Complements: structured-logging skill — audit failures are logged via structlog with structured fields for monitoring and alerting.
Pattern 4: FastAPI Middleware
Request/Response Audit Middleware
import time
from uuid import uuid4
from fastapi import Request, Response
from starlette.middleware.base import BaseHTTPMiddleware
from src.auth.jwt import extract_user_email
from src.state.supabase import SupabaseStateStore
class AuditMiddleware(BaseHTTPMiddleware):
"""Capture audit events for state-changing API requests."""
AUDITABLE_METHODS = {"POST", "PUT", "PATCH", "DELETE"}
async def dispatch(self, request: Request, call_next):
# Skip non-auditable methods
if request.method not in self.AUDITABLE_METHODS:
return await call_next(request)
correlation_id = request.headers.get(
"x-correlation-id", f"req_{uuid4().hex[:12]}"
)
start_time = time.monotonic()
# Extract actor from JWT
token = request.cookies.get("access_token")
actor_id = extract_user_email(token) if token else None
response: Response = await call_next(request)
duration_ms = (time.monotonic() - start_time) * 1000
# Emit audit event
trail = AuditTrail(SupabaseStateStore())
await trail.emit(AuditEvent(
action=self._method_to_action(request.method),
resource_type=self._extract_resource(request.url.path),
actor_id=actor_id,
correlation_id=correlation_id,
ip_address=request.client.host if request.client else None,
user_agent=request.headers.get("user-agent"),
outcome="success" if response.status_code < 400 else "failure",
details={
"method": request.method,
"path": request.url.path,
"status_code": response.status_code,
"duration_ms": round(duration_ms, 2),
},
))
# Propagate correlation ID in response
response.headers["x-correlation-id"] = correlation_id
return response
@staticmethod
def _method_to_action(method: str) -> AuditAction:
return {"POST": AuditAction.CREATE, "PUT": AuditAction.UPDATE,
"PATCH": AuditAction.UPDATE, "DELETE": AuditAction.DELETE,
}.get(method, AuditAction.UPDATE)
@staticmethod
def _extract_resource(path: str) -> str:
parts = path.strip("/").split("/")
return parts[1] if len(parts) > 1 else "unknown"
Project Reference: apps/backend/src/api/main.py — add app.add_middleware(AuditMiddleware) after existing middleware.
For fine-grained control beyond middleware, use an @audited(resource_type, action) decorator that attaches _audit_resource and _audit_action attributes to endpoint functions.
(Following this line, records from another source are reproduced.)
definition adjoint :: "('a::chilbert_space \<Rightarrow> 'a) \<Rightarrow> ('a \<Rightarrow> 'a)" where
  "adjoint B = (THE Bs. \<forall>x y. cinner (B x) y = cinner x (Bs y))"

definition op_t :: "(real \<Rightarrow> real) \<Rightarrow> (real \<Rightarrow> real) \<Rightarrow> real \<Rightarrow> ('a::chilbert_space \<Rightarrow> 'a) \<Rightarrow> 'a \<Rightarrow> 'a" where
  "op_t \<phi> \<psi> t B = (\<lambda>x. \<phi> t *\<^sub>R B x + \<psi> t *\<^sub>R adjoint B x)"

definition tnorm :: "(real \<Rightarrow> real) \<Rightarrow> (real \<Rightarrow> real) \<Rightarrow> real \<Rightarrow> ('a::chilbert_space \<Rightarrow> 'a) \<Rightarrow> real" where
  "tnorm \<phi> \<psi> t B = onorm (op_t \<phi> \<psi> t B)"

definition omega_t :: "(real \<Rightarrow> real) \<Rightarrow> (real \<Rightarrow> real) \<Rightarrow> real \<Rightarrow> ('a::chilbert_space \<Rightarrow> 'a) \<Rightarrow> real" where
  "omega_t \<phi> \<psi> t B = (SUP x\<in>{x. norm x = 1}. cmod (cinner (op_t \<phi> \<psi> t B x) x))"

definition c_t :: "(real \<Rightarrow> real) \<Rightarrow> (real \<Rightarrow> real) \<Rightarrow> real \<Rightarrow> ('a::chilbert_space \<Rightarrow> 'a) \<Rightarrow> real" where
  "c_t \<phi> \<psi> t B = (INF x\<in>{x. norm x = 1}. cmod (cinner (op_t \<phi> \<psi> t B x) x))"

end

theory Submission
  imports Defs
begin

(* For a unit vector x, |<T x, x>| <= ||T||, and B |-> phi(t) B + psi(t) B* is additive.
   Hence |<T_A x, x>| and |<T_An x, x>| differ by at most ||An - A||_t uniformly on the unit
   sphere, so their supremum omega_t and infimum c_t converge. Additivity of the adjoint
   needs the adjoint to exist, which is the Riesz representation theorem, proved via the
   nearest point of the closed kernel of a functional. *)

lemma cinner_zero_left [simp]: "cinner 0 y = 0"
  using cinner_add_left[of 0 0 y] by simp

lemma cinner_zero_right [simp]: "cinner x 0 = 0"
  by (metis cinner_commute cinner_zero_left complex_cnj_zero)

lemma cinner_add_right: "cinner x (y + z) = cinner x y + cinner x z"
  by (metis cinner_commute cinner_add_left complex_cnj_add)

lemma cinner_diff_left: "cinner (x - y) z = cinner x z - cinner y z"
  using cinner_add_left[of "x - y" y z] by simp

lemma cinner_diff_right: "cinner x (y - z) = cinner x y - cinner x z"
  by (metis cinner_commute cinner_diff_left complex_cnj_diff)

lemma cinner_scaleC_right: "cinner x (scaleC a y) = cnj a * cinner x y"
  by (metis cinner_commute cinner_scaleC_left complex_cnj_mult)

lemma cinner_scaleR_right: "cinner x (r *\<^sub>R y) = of_real r * cinner x y"
  by (simp add: scaleR_scaleC cinner_scaleC_right)

lemma cinner_self: "cinner x x = of_real ((norm x)\<^sup>2)"
  by (simp add: complex_eq_iff norm_eq_sqrt_cinner cinner_self_real cinner_self_nonneg)

lemma cinner_eqI: "(\<And>x. cinner x a = cinner x b) \<Longrightarrow> a = b"
  by (metis cinner_diff_right cinner_self_eq_zero right_minus_eq)

lemma norm_diff_projection_sq:
  fixes x y :: "'a::complex_inner"
  assumes "y \<noteq> 0"
  shows "(norm (x - scaleC (cinner x y / of_real ((norm y)\<^sup>2)) y))\<^sup>2
           = (norm x)\<^sup>2 - (cmod (cinner x y))\<^sup>2 / (norm y)\<^sup>2"
proof -
  define c where "c = cinner x y"
  define s where "s = (norm y)\<^sup>2"
  define a where "a = c / of_real s"
  have s: "s \<noteq> 0" using assms by (simp add: s_def)
  have "cinner (x - scaleC a y) (x - scaleC a y)
          = cinner x x - cnj a * c - a * cnj c + a * cnj a * cinner y y"
    unfolding c_def
    by (simp add: cinner_diff_left cinner_diff_right cinner_scaleC_left cinner_scaleC_right
        algebra_simps flip: cinner_commute)
  also have "\<dots> = of_real ((norm x)\<^sup>2 - (cmod c)\<^sup>2 / s)"
    using s by (simp add: a_def cinner_self complex_norm_square[simplified] field_simps flip: s_def)
  finally have "complex_of_real ((norm (x - scaleC a y))\<^sup>2) = of_real ((norm x)\<^sup>2 - (cmod c)\<^sup>2 / s)"
    by (simp only: cinner_self)
  then show ?thesis
    unfolding of_real_eq_iff a_def c_def s_def .
qed

lemma cauchy_schwarz: "cmod (cinner x y) \<le> norm x * norm y"
proof (cases "y = 0")
  case False
  have "0 \<le> (norm x)\<^sup>2 - (cmod (cinner x y))\<^sup>2 / (norm y)\<^sup>2"
    using norm_diff_projection_sq[OF False, of x] by (metis zero_le_power2)
  then have "(cmod (cinner x y))\<^sup>2 \<le> (norm x * norm y)\<^sup>2"
    using False by (simp add: field_simps power_mult_distrib)
  then show ?thesis by (simp add: power2_le_iff_abs_le)
qed simp

lemma parallelogram_law:
  fixes x y :: "'a::complex_inner"
  shows "(norm (x + y))\<^sup>2 + (norm (x - y))\<^sup>2 = 2 * (norm x)\<^sup>2 + 2 * (norm y)\<^sup>2"
proof -
  have "cinner (x + y) (x + y) + cinner (x - y) (x - y) = 2 * cinner x x + 2 * cinner y y"
    by (simp add: cinner_add_left cinner_add_right cinner_diff_left cinner_diff_right algebra_simps)
  from arg_cong[where f = Re, OF this] show ?thesis by (simp add: cinner_self)
qed

lemma convex_minimizing_sequence_Cauchy:
  fixes u :: "'a::complex_inner"
  assumes S: "convex S" and ns: "\<And>k. ns k \<in> S"
    and d: "\<And>n. n \<in> S \<Longrightarrow> d \<le> (norm (u - n))\<^sup>2"
    and lim: "(\<lambda>k. (norm (u - ns k))\<^sup>2) \<longlonglongrightarrow> d"
  shows "Cauchy ns"
proof -
  define D where "D k = (norm (u - ns k))\<^sup>2 - d" for k
  have close: "(norm (ns j - ns k))\<^sup>2 \<le> 2 * D j + 2 * D k" for j k
  proof -
    have "(1/2) *\<^sub>R ns j + (1/2) *\<^sub>R ns k \<in> S"
      using convexD[OF S ns ns, of "1/2" "1/2"] by simp
    then have "4 * d \<le> 4 * (norm (u - ((1/2) *\<^sub>R ns j + (1/2) *\<^sub>R ns k)))\<^sup>2"
      using d by simp
    also have "\<dots> = (norm ((u - ns j) + (u - ns k)))\<^sup>2"
    proof -
      have "(u - ns j) + (u - ns k) = 2 *\<^sub>R (u - ((1/2) *\<^sub>R ns j + (1/2) *\<^sub>R ns k))"
        by (simp add: algebra_simps scaleR_2)
      then show ?thesis by (simp add: power_mult_distrib)
    qed
    finally show ?thesis
      using parallelogram_law[of "u - ns j" "u - ns k"] by (simp add: D_def norm_minus_commute)
  qed
  have "D \<longlonglongrightarrow> 0"
    using lim unfolding D_def by (rule LIM_zero)
  show ?thesis
  proof (rule CauchyI)
    fix e :: real
    assume "0 < e"
    then obtain M where M: "\<And>k. k \<ge> M \<Longrightarrow> D k < e\<^sup>2 / 4"
      using order_tendstoD(2)[OF \<open>D \<longlonglongrightarrow> 0\<close>, of "e\<^sup>2 / 4"]
      by (auto simp: eventually_sequentially)
    have "norm (ns m - ns n) < e" if "m \<ge> M" "n \<ge> M" for m n
    proof -
      have "(norm (ns m - ns n))\<^sup>2 < e\<^sup>2"
        using close[of m n] M[OF that(1)] M[OF that(2)] by linarith
      then show ?thesis
        using \<open>0 < e\<close> by (simp add: power_less_imp_less_base)
    qed
    then show "\<exists>M. \<forall>m\<ge>M. \<forall>n\<ge>M. norm (ns m - ns n) < e"
      by blast
  qed
qed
The middleware reads these attributes to override auto-detected values.
Pattern 5: Authentication Event Logging
Auth Audit Integration
from src.auth.jwt import verify_password, create_access_token
async def login_with_audit(
email: str,
password: str,
ip_address: str | None,
trail: AuditTrail,
) -> str | None:
"""Authenticate user and emit audit event."""
user = await get_user_by_email(email)
if not user or not verify_password(password, user["password_hash"]):
await trail.emit(AuditEvent(
action=AuditAction.LOGIN_FAILED,
resource_type="auth",
actor_id=email,
ip_address=ip_address,
outcome="failure",
details={"reason": "invalid_credentials"},
))
return None
token = create_access_token({"sub": email})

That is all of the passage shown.